What these “scripted disciplines” have in common

Adib Masumian
3 min readFeb 17, 2014

I’ve always known that translation is innately derivative work. In other words, a translation simply cannot exist independently of the source material from which it is translated. However, it’s slowly starting to sink in that there are disciplines and careers which are also “scripted,” just like translation.

Consider acting. Even if the most skilled actor throws the immense weight of his heart and soul behind a spectacular performance, some of what he portrayed was not his. Sure, maybe he can improvise and thus make his acting personal—but at the end of the day, no one can deny that the words he spoke were not his. Those belong to the screenwriter, or perhaps the author of the book upon which that movie was based. Thus, while the actor does get credit for breathing life into the words, his performance was ultimately derivative.
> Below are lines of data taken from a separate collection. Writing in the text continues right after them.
(* Let $R$ be a commutative ring and $\mathcal{G}$ a Gabriel filter of finite type, and let $\sigma_\mathcal{G}$ and $T_\mathcal{G}=\operatorname{Coker}\sigma_\mathcal{G}$ be as constructed below. Then $T_\mathcal{G}$ is a silting module with respect to $\sigma_\mathcal{G}$, and $\operatorname{Gen}T_\mathcal{G}=\operatorname{Div}\mathcal{G}$.
   Context: A Gabriel filter is a filter $\mathcal{G}$ of ideals such that (i) $I\in\mathcal{G}$, $x\in R$ imply $(I:x)=\{r\mid xr\in I\}\in\mathcal{G}$, and (ii) if $J$ is an ideal and there is $I\in\mathcal{G}$ with $(J:x)\in\mathcal{G}$ for all $x\in I$, then $J\in\mathcal{G}$; it is of finite type if it has a filter basis of finitely generated ideals. $\operatorname{Div}\mathcal{G}=\{M\mid MI=M\ \forall I\in\mathcal{G}\}$. $\operatorname{Gen}T$: epimorphic images of direct sums of copies of $T$. For $\alpha:A\to B$, $\mathcal{D}_\alpha=\{X\mid\operatorname{Hom}_R(\alpha,X)\text{ surjective}\}$; $T$ is silting with respect to $\sigma:P_{-1}\to P_0$ ($P_i$ projective) if $T=\operatorname{Coker}\sigma$ and $\operatorname{Gen}T=\mathcal{D}_\sigma$. Construction: let $\mathcal{I}$ be the set of finitely generated ideals in $\mathcal{G}$, and for each $I\in\mathcal{I}$ fix generators $x^I_0,\dots,x^I_{n_I-1}$. Let $\Lambda$ be the set of all finite sequences of pairs $(I,k)$ with $I\in\mathcal{I}$, $0\le k<n_I$, including the empty sequence $w$; $\sqcup$ denotes concatenation. Let $F$ be free on basis $\Lambda$, $F'$ free on basis $\Lambda\setminus\{w\}$, $K$ free on basis $\Lambda\times\mathcal{I}$. Define $\varphi_\mathcal{G}:K\to F$ by $\varphi_\mathcal{G}((\lambda,I))=\lambda-\sum_{k<n_I}x^I_k(\lambda\sqcup(I,k))$, and $\varphi'_\mathcal{G}=p\circ\varphi_\mathcal{G}:K\to F'$ where $p:F\to F'$ is the projection killing the coordinate $w$. Let $\sigma_\mathcal{G}=\varphi_\mathcal{G}\oplus\varphi'_\mathcal{G}:K\oplus K\to F\oplus F'$ and $T_\mathcal{G}=\operatorname{Coker}\sigma_\mathcal{G}=\operatorname{Coker}\varphi_\mathcal{G}\oplus\operatorname{Coker}\varphi'_\mathcal{G}$. *)

theory Defs
  imports "HOL-Algebra.Module" "HOL-Algebra.Ideal"
begin

definition colon_ideal :: "('a,'c) ring_scheme \<Rightarrow> 'a set \<Rightarrow> 'a \<Rightarrow> 'a set" where
  "colon_ideal R J x = {r \<in> carrier R. x \<otimes>\<^bsub>R\<^esub> r \<in> J}"
lemma sum_eq_mval_in_band: "sum da {1..I} = m j"
proof (cases rule: linorder_cases[of "sum da {1..I}" "m j"])
  case less
  have "keep_from j i \<le> da i" if i: "i \<in> {1..I}" for i
  proof (cases "i < j")
    case False
    then have "m j \<le> m i" using i j by (intro mval_mono) auto
    then show ?thesis using False less allowing_NE_eq_dmax[OF allowing i] by (simp add: keep_from_def)
  qed (use allowing_NE_range[OF allowing i] in \<open>simp add: keep_from_def\<close>)
  then have "sum (keep_from j) {1..I} \<le> sum da {1..I}" by (intro sum_mono)
  then show ?thesis using less band(2) sum_keep_from[OF j] by simp
next
  case greater
  have "da i \<le> keep_after j i" if i: "i \<in> {1..I}" for i
  proof (cases "i \<le> j")
    case True
    then have "m i \<le> m j" using i j by (intro mval_mono) auto
    then show ?thesis using True greater allowing_NE_eq_0[OF allowing i] by (simp add: keep_after_def)
  qed (use allowing_NE_range[OF allowing i] in \<open>simp add: keep_after_def\<close>)
  then have "sum da {1..I} \<le> sum (keep_after j) {1..I}" by (intro sum_mono)
  then show ?thesis using greater band(1) sum_keep_after[OF j] by simp
qed

lemma sum_eq_in_band: "sum da {1..I} = da j + (real I - real j) * dmax"
  using sum_eq_interior[OF j sum_eq_mval_in_band] .

lemma in_band_bounds: "0 < da j" "da j < dmax"
  using band sum_eq_mval_in_band sum_eq_in_band by (auto simp: algebra_simps)

lemma eq_keep_from_off_band: "i \<in> {1..I} \<Longrightarrow> i \<noteq> j \<Longrightarrow> da i = keep_from j i"
  using eq_0_below_interior[OF j sum_eq_mval_in_band] eq_dmax_above_interior[OF j sum_eq_mval_in_band]
  by (auto simp: keep_from_def)

lemma eq_keep_after_off_band: "i \<in> {1..I} \<Longrightarrow> i \<noteq> j \<Longrightarrow> da i = keep_after j i"
  using eq_keep_from_off_band by (simp add: keep_from_def keep_after_def)

lemma sum_less_sum_keep_from: "sum da {1..I} < sum (keep_from j) {1..I}"
  using sum_eq_in_band sum_keep_from[OF j] in_band_bounds by (simp add: algebra_simps)

lemma sum_keep_after_less_sum: "sum (keep_after j) {1..I} < sum da {1..I}"
  using sum_eq_in_band sum_keep_after[OF j] in_band_bounds by simp

text \<open>At \<open>da\<close> the total equals user \<open>j\<close>'s preferred total \<open>m j\<close>, so moving its own
  choice in either direction lowers its payoff.\<close>
lemma payoff_keep_from_less: "payoff I eps xi ell j (keep_from j) < payoff I eps xi ell j da"
proof -
  have "sum (keep_from j) {1..I} - keep_from j j = sum da {1..I} - da j"
    using sum_keep_from[OF j] sum_eq_in_band by (simp add: keep_from_def algebra_simps)
  moreover have "ln_minus_linear (xi j * ell j) (sum (keep_from j) {1..I} + eps j)
      < ln_minus_linear (xi j * ell j) (m j + eps j)"
    using peak_pos[OF j] one_le_cost_mult_iff[OF j] sum_less_sum_keep_from sum_eq_mval_in_band
    by (intro ln_minus_linear_strict_antimono) auto
  ultimately show ?thesis
    using payoff_diff_eq_ln_minus_linear_diff[of "keep_from j" I j da eps xi ell] sum_eq_mval_in_band
    by simp
qed

lemma payoff_keep_from_greater:
  "i \<in> {1..I} \<Longrightarrow> i \<noteq> j \<Longrightarrow> payoff I eps xi ell i da < payoff I eps xi ell i (keep_from j)"
  using eq_keep_from_off_band sum_less_sum_keep_from allowing_NE_sum_nonneg[OF allowing] eps_pos
  by (intro payoff_strict_mono_total) (auto simp: add_nonneg_pos)

lemma payoff_keep_after_less:
  assumes i: "i \<in> {1..I}"
  shows "payoff I eps xi ell i (keep_after j) < payoff I eps xi ell i da"
proof (cases "i = j")
  case True
  have "sum (keep_after j) {1..I} - keep_after j j = sum da {1..I} - da j"
    using sum_keep_after[OF j] sum_eq_in_band by (simp add: keep_after_def)
  moreover have "ln_minus_linear (xi j * ell j) (sum (keep_after j) {1..I} + eps j)
      < ln_minus_linear (xi j * ell j) (m j + eps j)"
    using base_total_pos[OF j j] cost_mult_le_one_iff[OF j] band sum_keep_after[OF j]
    by (intro ln_minus_linear_strict_mono) auto
  ultimately show ?thesis
    using payoff_diff_eq_ln_minus_linear_diff[of "keep_after j" I j da eps xi ell] sum_eq_mval_in_band True
    by simp
next
  case False
  then show ?thesis
    using eq_keep_after_off_band[OF i] sum_keep_after_less_sum base_total_pos[OF j i] sum_keep_after[OF j]
    by (intro payoff_strict_mono_total) auto
qed

end

end

theorem corollary2:
  fixes I :: nat and dmax :: real and eps xi ell :: "nat \<Rightarrow> real" and da :: "nat \<Rightarrow> real"
  assumes hI: "I \<ge> 2"
    and hdmax: "dmax > 0"
    and heps: "\<forall>i\<in>{1..I}. eps i > 0"
    and hxi: "\<forall>i\<in>{1..I}. xi i > 0"
    and hell: "\<forall>i\<in>{1..I}. ell i > 0"
    and hmono: "\<forall>i\<in>{1..I}. \<forall>k\<in>{1..I}. i < k \<longrightarrow> mval eps xi ell i < mval eps xi ell k"
    and hda: "allowing_NE I eps xi ell dmax da"
  shows
   "(\<forall>j\<in>{1..I}.
       (real I - real j) * dmax < mval eps xi ell j \<and> mval eps xi ell j < (real I - real j + 1) * dmax \<and>
       (\<forall>i\<in>{j..I}. ln (((real I - real j + 1) * dmax + eps i) / ((real I - real j) * dmax + eps i))
                       \<ge> xi i * ell i * dmax)
       \<longrightarrow> (let df = (\<lambda>i. if i < j then 0 else dmax) in
             forbidding_NE I eps xi ell dmax df \<and>
             payoff I eps xi ell j df < payoff I eps xi ell j da \<and>
             (\<forall>i\<in>{1..I} - {j}. payoff I eps xi ell i df > payoff I eps xi ell i da) \<and>
             (\<Sum>i\<in>{1..I}. df i) > (\<Sum>i\<in>{1..I}. da i)))
    \<and>
    (\<forall>j\<in>{1..I}.
       (real I - real j) * dmax < mval eps xi ell j \<and> mval eps xi ell j < (real I - real j + 1) * dmax \<and>
       (\<forall>i\<in>{1..j}. ln (((real I - real j + 1) * dmax + eps i) / ((real I - real j) * dmax + eps i))
                       \<le> xi i * ell i * dmax)
       \<longrightarrow> (let df = (\<lambda>i. if i \<le> j then 0 else dmax) in
             forbidding_NE I eps xi ell dmax df \<and>
             (\<forall>i\<in>{1..I}. payoff I eps xi ell i df < payoff I eps xi ell i da) \<and>
             (\<Sum>i\<in>{1..I}. df i) < (\<Sum>i\<in>{1..I}. da i)))
    \<and>
    ((\<not> (\<exists>j\<in>{1..I}. (real I - real j) * dmax \<le> mval eps xi ell j \<and>
                      mval eps xi ell j \<le> (real I - real j + 1) * dmax))
       \<longrightarrow> forbidding_NE I eps xi ell dmax da)"
proof -
  interpret allowing_equilibrium I dmax eps xi ell da
    using assms by unfold_locales auto
  show ?thesis
    unfolding Let_def keep_from_def[symmetric] keep_after_def[symmetric]
    using keep_from_forbidding_NE payoff_keep_from_less payoff_keep_from_greater sum_less_sum_keep_from
      keep_after_forbidding_NE payoff_keep_after_less sum_keep_after_less_sum
      forbidding_NE_if_allowing_NE_binary[OF allowing binary_if_outside_bands] dmax_pos
    by (auto simp: less_imp_le)
qed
Translation is, of course, the same way. The translator’s job is to render what has been conveyed in one language into another, preferably as neatly as possible. An exercise like this involves, by definition, creating something that is derivative of something that preceded it.
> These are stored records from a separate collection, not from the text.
(* Let $X$ be a compact Hausdorff space, $\mathcal C=C(X)$ with the supremum norm, $\alpha\colon X\to X$ continuous, $\delta f=f\circ\alpha$, and $A$ a transfer operator for $(\mathcal C,\delta)$. Then for every $\varphi\in\mathcal C$ and every $\mu\in M_\delta(\mathcal C)$, \[ \lambda(\varphi)\ge \mu[\varphi]+\tau(\mu). \]
   Context: A transfer operator for $(\mathcal C,\delta)$ is a positive linear operator $A\colon\mathcal C\to\mathcal C$ with $A((\delta f)g)=f\,Ag$ for all $f,g\in\mathcal C$. $A_\varphi f=A(e^\varphi f)$ and $\lambda(\varphi)=\lim_{n\to\infty}\frac1n\ln\|A_\varphi^n\mathbf 1\|$ ($\mathbf 1$ the constant function $1$). $M(\mathcal C)$ is the set of positive linear functionals $m$ on $\mathcal C$ with $m[\mathbf 1]=1$; $M_\delta(\mathcal C)$ those with additionally $\mu[\delta f]=\mu[f]$ for all $f$. A partition of unity is a finite set $D$ of nonnegative elements of $\mathcal C$ summing to $\mathbf 1$. For $\mu\in M_\delta(\mathcal C)$: $\tau_n(\mu,D)=\sup_{m\in M(\mathcal C)}\sum_{g\in D}\mu[g]\ln\frac{m[A^ng]}{\mu[g]}$, $\tau_n(\mu)=\inf_D\tau_n(\mu,D)$ over all partitions of unity, $\tau(\mu)=\inf_{n\in\mathbb N}\tau_n(\mu)/n$; summands with $\mu[g]=0$ are set to $0$, $\ln0=-\infty$, and if some $g\in D$ has $A^ng=0$ and $\mu[g]>0$ then $\tau(\mu)=-\infty$. *)

theory Defs
  imports "HOL-Analysis.Analysis"
begin

text \<open>The space X is a (nonempty) compact Hausdorff topological space, modelled as a type
 'a of class t2_space with UNIV compact. C(X) is the set of continuous real functions.\<close>

definition CX :: "('a::topological_space \<Rightarrow> real) set" where
  "CX = {f. continuous_on UNIV f}"

definition sup_norm :: "('a \<Rightarrow> real) \<Rightarrow> real" where
  "sup_norm f = (SUP x. \<bar>f x\<bar>)"

definition one_fun :: "'a \<Rightarrow> real" where
  "one_fun = (\<lambda>_. 1)"
lemma eventually_objective_mix_point_mass_gt:
  fixes q :: "'x::finite \<Rightarrow> 'y::finite \<Rightarrow> 'z::finite \<Rightarrow> real"
    and p :: "nat \<times> nat \<times> nat \<times> 'x \<Rightarrow> real" and u v w :: nat and x :: 'x
  assumes p: "is_dist p" and q: "is_bc q"
    and UWY: "\<forall>y. marg (joint p q) (\<lambda>t. (rvU t, rvW t, rvY t)) (u, w, y) > 0"
    and VWZ: "\<forall>z. marg (joint p q) (\<lambda>t. (rvV t, rvW t, rvZ t)) (v, w, z) > 0"
    and new: "marg (joint p q) (\<lambda>t. (rvU t, rvV t, rvW t)) (u, v, w) = 0"
  shows "eventually (\<lambda>e. objective lam q (mix e p (point_mass (u, v, w, x))) > objective lam q p)
           (at_right 0)"
proof -
  let ?\<delta> = "point_mass (u, v, w, x)"
  let ?c = "marg (joint ?\<delta> q) (\<lambda>t. (rvU t, rvV t, rvW t)) (u, v, w)"
  have "?c > 0"
    using q by (rule marg_joint_point_mass_pos)
  have UVW: "(\<lambda>e. ent (mix e (joint p q) (joint ?\<delta> q)) (\<lambda>t. (rvU t, rvV t, rvW t))
            - ent (joint p q) (\<lambda>t. (rvU t, rvV t, rvW t)) + plogp (e * ?c))
        \<in> O[at_right 0](\<lambda>e. e)"
    using supp_joint_point_mass \<open>?c > 0\<close>
    by (intro ent_mix_diff_new_value_bigo new joint_nonneg finite_supp_joint p q is_dist_point_mass)
      (force simp: rvU_def rvV_def rvW_def)+
  from sum_in_bigo(1)[OF objective_mix_point_mass_bigo[where x = x and lam = lam, OF p q UWY VWZ]
      UVW]
  have "(\<lambda>e. objective lam q (mix e p ?\<delta>) - objective lam q p + plogp (e * ?c))
        \<in> O[at_right 0](\<lambda>e. e)"
    by (simp add: algebra_simps)
  from eventually_pos_if_plus_plogp_bigo[OF \<open>?c > 0\<close> this] show ?thesis
    by simp
qed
How much freedom does the translator have in performing his task? In other words, how beholden is he to the source text? It depends on how comfortable he is with exercising poetic license—but that itself is a fine line to walk. If he gets too liberal in his rendition, he might be accused of doing less translation and more interpretation. This is the sort of criticism that Edward Fitzgerald’s “translation” of Omar Khayyam’s Rubaiyat has received over the years.
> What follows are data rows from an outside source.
lemma local_log_potential_bounded_at_infinity:
  fixes f v :: "'a::euclidean_space \<Rightarrow> real"
  assumes N2: "2 \<le> DIM('a)" and fi: "integrable lebesgue f" and f0: "\<And>y. 0 \<le> f y"
    and hint: "\<And>x. integrable lebesgue (\<lambda>y. ln ((1 + norm y) / norm (x - y)) * f y)"
    and gam: "0 < \<gamma>"
    and veq: "\<And>x. v x = 1 / \<gamma> * (LINT y|lebesgue. ln ((1 + norm y) / norm (x - y)) * f y) + c"
    and \<nu>: "0 \<le> \<nu>" and C0: "0 \<le> C0"
    and fK: "AE y in lebesgue. 1 \<le> norm y \<longrightarrow> f y \<le> C0 * exp (\<nu> * v y)"
  shows "eventually (\<lambda>x. local_log_potential f x \<le> 9 * (C0 * exp (\<nu> * c)) * unit_ball_vol DIM('a))
    at_infinity"
proof -
  define \<phi> where "\<phi> = \<nu> / \<gamma>"
  define C where "C = C0 * exp (\<nu> * c)"
  have \<phi>: "0 \<le> \<phi>" using \<nu> gam by (simp add: \<phi>_def)
  have C: "0 \<le> C" using C0 by (simp add: C_def)
  have wint: "integrable lebesgue (\<lambda>z. indicator (ball y 1) z * (- ln (norm (y - z))) * f z)" for y
    by (rule integrable_local_log_kernel[OF fi f0 hint])
  obtain R0 where vup: "\<And>y. R0 \<le> norm y \<Longrightarrow> v y \<le> local_log_potential f y / \<gamma> + c"
    using potential_le_local_log_potential[OF fi f0 hint gam veq] unfolding eventually_at_infinity by blast
  obtain \<rho> :: nat where tail: "tail_integral f \<rho> < 1 / (2 * \<phi> + 1)"
    using tail_integral_small[OF fi, of "1 / (2 * \<phi> + 1)"] \<phi> by auto
  show ?thesis
    using eventually_norm_ge_at_infinity[of "max (R0 + 1) (real \<rho> + 2)"]
  proof eventually_elim
    case (elim x)
    have far: "R0 \<le> norm y" "1 \<le> norm y" if "y \<in> ball x 1" for y
      using that elim norm_triangle_sub[of x y] by (auto simp: dist_norm)
    have fb: "AE y in lebesgue. y \<in> ball x 1 \<longrightarrow> f y \<le> C * exp (\<phi> * local_log_potential f y)"
      using fK
    proof eventually_elim
      case (elim y)
      show ?case
      proof
        assume y: "y \<in> ball x 1"
        then have "f y \<le> C0 * exp (\<nu> * v y)" using elim far[OF y] by simp
        also have "\<dots> \<le> C0 * exp (\<nu> * (local_log_potential f y / \<gamma> + c))"
          using vup[OF far(1)[OF y]] \<nu> C0 by (auto intro!: mult_left_mono)
        also have "\<dots> = C * exp (\<phi> * local_log_potential f y)"
          by (simp add: C_def \<phi>_def exp_add[symmetric] algebra_simps)
        finally show "f y \<le> C * exp (\<phi> * local_log_potential f y)" .
      qed
    qed
    have "(LINT z|lebesgue. indicator (ball x 2) z * f z) \<le> tail_integral f \<rho>"
      using elim by (intro integral_ball_le_tail_integral[OF fi f0]) auto
    then have "2 * \<phi> * (LINT z|lebesgue. indicator (ball x 2) z * f z) \<le> 2 * \<phi> * (1 / (2 * \<phi> + 1))"
      using tail \<phi> by (intro mult_left_mono) auto
    also have "\<dots> \<le> 1" using \<phi> by (simp add: field_simps)
    finally show ?case
      using local_log_potential_le[OF N2 fi f0 wint fb C \<phi>] by (simp add: C_def)
  qed
qed

subsection \<open>Asymptotics of the potential\<close>

lemma ln_norm_at_infinity: "filterlim (\<lambda>x::'a::real_normed_vector. ln (norm x)) at_top at_infinity"
  by (rule filterlim_compose[OF ln_at_top filterlim_norm_at_top])

lemma const_over_ln_norm_tendsto_0: "((\<lambda>x::'a::real_normed_vector. c / ln (norm x)) \<longlongrightarrow> 0) at_infinity"
  by (intro tendsto_divide_0[OF tendsto_const] filterlim_at_top_imp_at_infinity ln_norm_at_infinity)

lemma log_potential_plus_log_over_log_tendsto_0:
  fixes f :: "'a::euclidean_space \<Rightarrow> real"
  assumes fi: "integrable lebesgue f" and f0: "\<And>y. 0 \<le> f y"
    and hint: "\<And>x. integrable lebesgue (\<lambda>y. ln ((1 + norm y) / norm (x - y)) * f y)"
    and bounded: "eventually (\<lambda>x. local_log_potential f x \<le> B) at_infinity"
  shows "((\<lambda>x. ((LINT y|lebesgue. ln ((1 + norm y) / norm (x - y)) * f y)
              + (LINT y|lebesgue. f y) * ln (norm x)) / ln (norm x)) \<longlongrightarrow> 0) at_infinity"
proof (rule tendstoI)
  fix \<epsilon> :: real assume \<epsilon>: "0 < \<epsilon>"
  obtain \<rho> :: nat where tail: "tail_integral f \<rho> < \<epsilon> / 10"
    using tail_integral_small[OF fi, of "\<epsilon> / 10"] \<epsilon> by auto
  define K where "K = (ln 2 + ln (1 + real \<rho>)) * (LINT y|lebesgue. f y) + B"
  have "eventually (\<lambda>x. K / ln (norm x) < \<epsilon> / 2) at_infinity"
    using \<epsilon> by (intro order_tendstoD(2)[OF const_over_ln_norm_tendsto_0]) auto
  then show "eventually (\<lambda>x. dist (((LINT y|lebesgue. ln ((1 + norm y) / norm (x - y)) * f y)
              + (LINT y|lebesgue. f y) * ln (norm x)) / ln (norm x)) 0 < \<epsilon>) at_infinity"
    using bounded eventually_norm_ge_at_infinity[of "max 3 (2 * real \<rho>)"]
  proof eventually_elim
    case (elim x)
    define T where "T = ln (norm x)"
    define D where "D = (LINT y|lebesgue. ln ((1 + norm y) / norm (x - y)) * f y) + (LINT y|lebesgue. f y) * T"
    have x: "3 \<le> norm x" "2 * real \<rho> \<le> norm x" using elim by auto
    then have T: "0 < T" unfolding T_def by (intro ln_gt_zero) linarith
    have "0 \<le> D" unfolding D_def T_def using x by (intro log_potential_plus_log_nonneg[OF fi f0 hint]) simp
    moreover have "D \<le> K + 5 * T * tail_integral f \<rho>"
      using log_potential_plus_log_le[OF fi f0 hint x(1) _ x(2)] elim by (simp add: D_def T_def K_def)
    then have "D / T \<le> K / T + 5 * tail_integral f \<rho>"
      using T by (simp add: divide_simps mult_ac)
    moreover have "K / T < \<epsilon> / 2" using elim(1) by (simp add: T_def)
    ultimately have "D / T < \<epsilon>" using tail by linarith
    moreover have "0 \<le> D / T" using \<open>0 \<le> D\<close> T by simp
    ultimately show ?case by (simp add: D_def T_def dist_real_def)
  qed
qed

theorem log_potential_solution_over_log_tendsto:
  fixes f v :: "'a::euclidean_space \<Rightarrow> real"
  assumes N2: "2 \<le> DIM('a)" and fi: "integrable lebesgue f" and f0: "\<And>y. 0 \<le> f y"
    and hint: "\<And>x. integrable lebesgue (\<lambda>y. ln ((1 + norm y) / norm (x - y)) * f y)"
    and gam: "0 < \<gamma>"
    and veq: "\<And>x. v x = 1 / \<gamma> * (LINT y|lebesgue. ln ((1 + norm y) / norm (x - y)) * f y) + c"
    and \<nu>: "0 \<le> \<nu>" and C0: "0 \<le> C0"
    and fK: "AE y in lebesgue. 1 \<le> norm y \<longrightarrow> f y \<le> C0 * exp (\<nu> * v y)"
  shows "((\<lambda>x. v x / ln (norm x)) \<longlongrightarrow> - (1 / \<gamma>) * (LINT y|lebesgue. f y)) at_infinity"
proof -
  define \<alpha> where "\<alpha> = (LINT y|lebesgue. f y)"
  define D where "D x = (LINT y|lebesgue. ln ((1 + norm y) / norm (x - y)) * f y) + \<alpha> * ln (norm x)" for x
  have "((\<lambda>x. D x / ln (norm x)) \<longlongrightarrow> 0) at_infinity"
    unfolding D_def \<alpha>_def
    by (rule log_potential_plus_log_over_log_tendsto_0[OF fi f0 hint
          local_log_potential_bounded_at_infinity[OF N2 fi f0 hint gam veq \<nu> C0 fK]])
  then have "((\<lambda>x. D x / ln (norm x) / \<gamma> - \<alpha> / \<gamma> + c / ln (norm x)) \<longlongrightarrow> 0 / \<gamma> - \<alpha> / \<gamma> + 0) at_infinity"
    using gam by (intro tendsto_intros const_over_ln_norm_tendsto_0) auto
  moreover have "eventually (\<lambda>x. D x / ln (norm x) / \<gamma> - \<alpha> / \<gamma> + c / ln (norm x) = v x / ln (norm x)) at_infinity"
    using eventually_norm_ge_at_infinity[of 2]
  proof eventually_elim
    case (elim x)
    then have "0 < ln (norm x)" by (intro ln_gt_zero) linarith
    then show ?case using gam by (simp add: veq[of x] D_def field_simps)
  qed
  ultimately show ?thesis by (simp add: Lim_transform_eventually \<alpha>_def)
qed

theorem mainTheorem11:
  fixes K v :: "real ^ 'n \<Rightarrow> real" and c :: real
  assumes n2: "CARD('n) \<ge> 2"
    and K_meas: "K \<in> borel_measurable lebesgue"
    and K_nonneg: "\<And>x. K x \<ge> 0"
    and K_Linf: "\<exists>M. AE y in lebesgue. y \<notin> ball 0 1 \<longrightarrow> \<bar>K y\<bar> \<le> M"
    and Kv_L1: "integrable lebesgue (\<lambda>y. K y * exp (real CARD('n) * v y))"
    and int_ex: "\<And>x. integrable lebesgue
                  (\<lambda>y. ln ((1 + norm y) / norm (x - y)) * K y * exp (real CARD('n) * v y))"
    and v_eq: "\<And>x. v x = 1 / gamma_const CARD('n) *
                  (LINT y|lebesgue. ln ((1 + norm y) / norm (x - y)) * K y * exp (real CARD('n) * v y))
                  + c"
  shows "((\<lambda>x. v x / ln (norm x)) \<longlongrightarrow>
            - (1 / gamma_const CARD('n)) * (LINT y|lebesgue. K y * exp (real CARD('n) * v y)))
          at_infinity"
proof -
  define f where "f y = K y * exp (real CARD('n) * v y)" for y
  have fi: "integrable lebesgue f" using Kv_L1 unfolding f_def .
  have f0: "0 \<le> f y" for y using K_nonneg[of y] by (simp add: f_def)
  have hint: "integrable lebesgue (\<lambda>y. ln ((1 + norm y) / norm (x - y)) * f y)" for x
    using int_ex[of x] unfolding f_def by (simp only: mult.assoc)
  have veq: "v x = 1 / gamma_const CARD('n) * (LINT y|lebesgue. ln ((1 + norm y) / norm (x - y)) * f y) + c" for x
    using v_eq[of x] unfolding f_def by (simp only: mult.assoc)
  obtain M where "AE y in lebesgue. y \<notin> ball 0 1 \<longrightarrow> \<bar>K y\<bar> \<le> M" using K_Linf by blast
  then have fK: "AE y in lebesgue. 1 \<le> norm y \<longrightarrow> f y \<le> max 0 M * exp (real CARD('n) * v y)"
    by eventually_elim (auto simp: f_def intro!: mult_right_mono)
  have N2: "2 \<le> DIM(real ^ 'n)" using n2 by simp
  have "((\<lambda>x. v x / ln (norm x)) \<longlongrightarrow> - (1 / gamma_const CARD('n)) * (LINT y|lebesgue. f y)) at_infinity"
    by (rule log_potential_solution_over_log_tendsto[OF N2 fi f0 hint gamma_const_pos veq _ _ fK]) auto
  then show ?thesis unfolding f_def .
qed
I suppose there’s nothing inherently wrong with this practice, but it’s a different exercise that yields a fundamentally different result: translation produces a result is largely faithful to the source text, while interpretation doesn’t always do this.

There are certainly other pursuits that are scripted in some way. Poetry, novels, and paintings tend to be based on an idea, another person’s work, or some sort of inspiration. Singers often sing other peoples’ words. Where is the originality in this largely derivative world?

Perhaps it’s the creator’s brand that gives his or her creation that tinge of originality—the novelist’s diction, the painter’s technique, the actor’s range of genuine emotion. So, too, is the case with translation. The source text is fixed, permanent and unchanging—but the possibilities for rendering it into another language are limitless. One need look no further than Tolstoy’s immortal Anna Karenina, which has been translated into English 11 times since its original publication in 1877. The most recent of these translations, by Marian Schwartz, is being published later this year. It looks like the limitless affordances of language are allowing people to continue to unearth still-latent subtleties in these classic texts. Each and every one of these is a unique contribution, with its own strengths and weaknesses.

Perhaps this is the balance: that there is nothing totally original or totally derivative. Rather, it might be that most creative pursuits in this world require constant adjustment of these scales to strike that genuinely real chord. Maybe this is how we can bring things into this world that are at once inspired but also unique.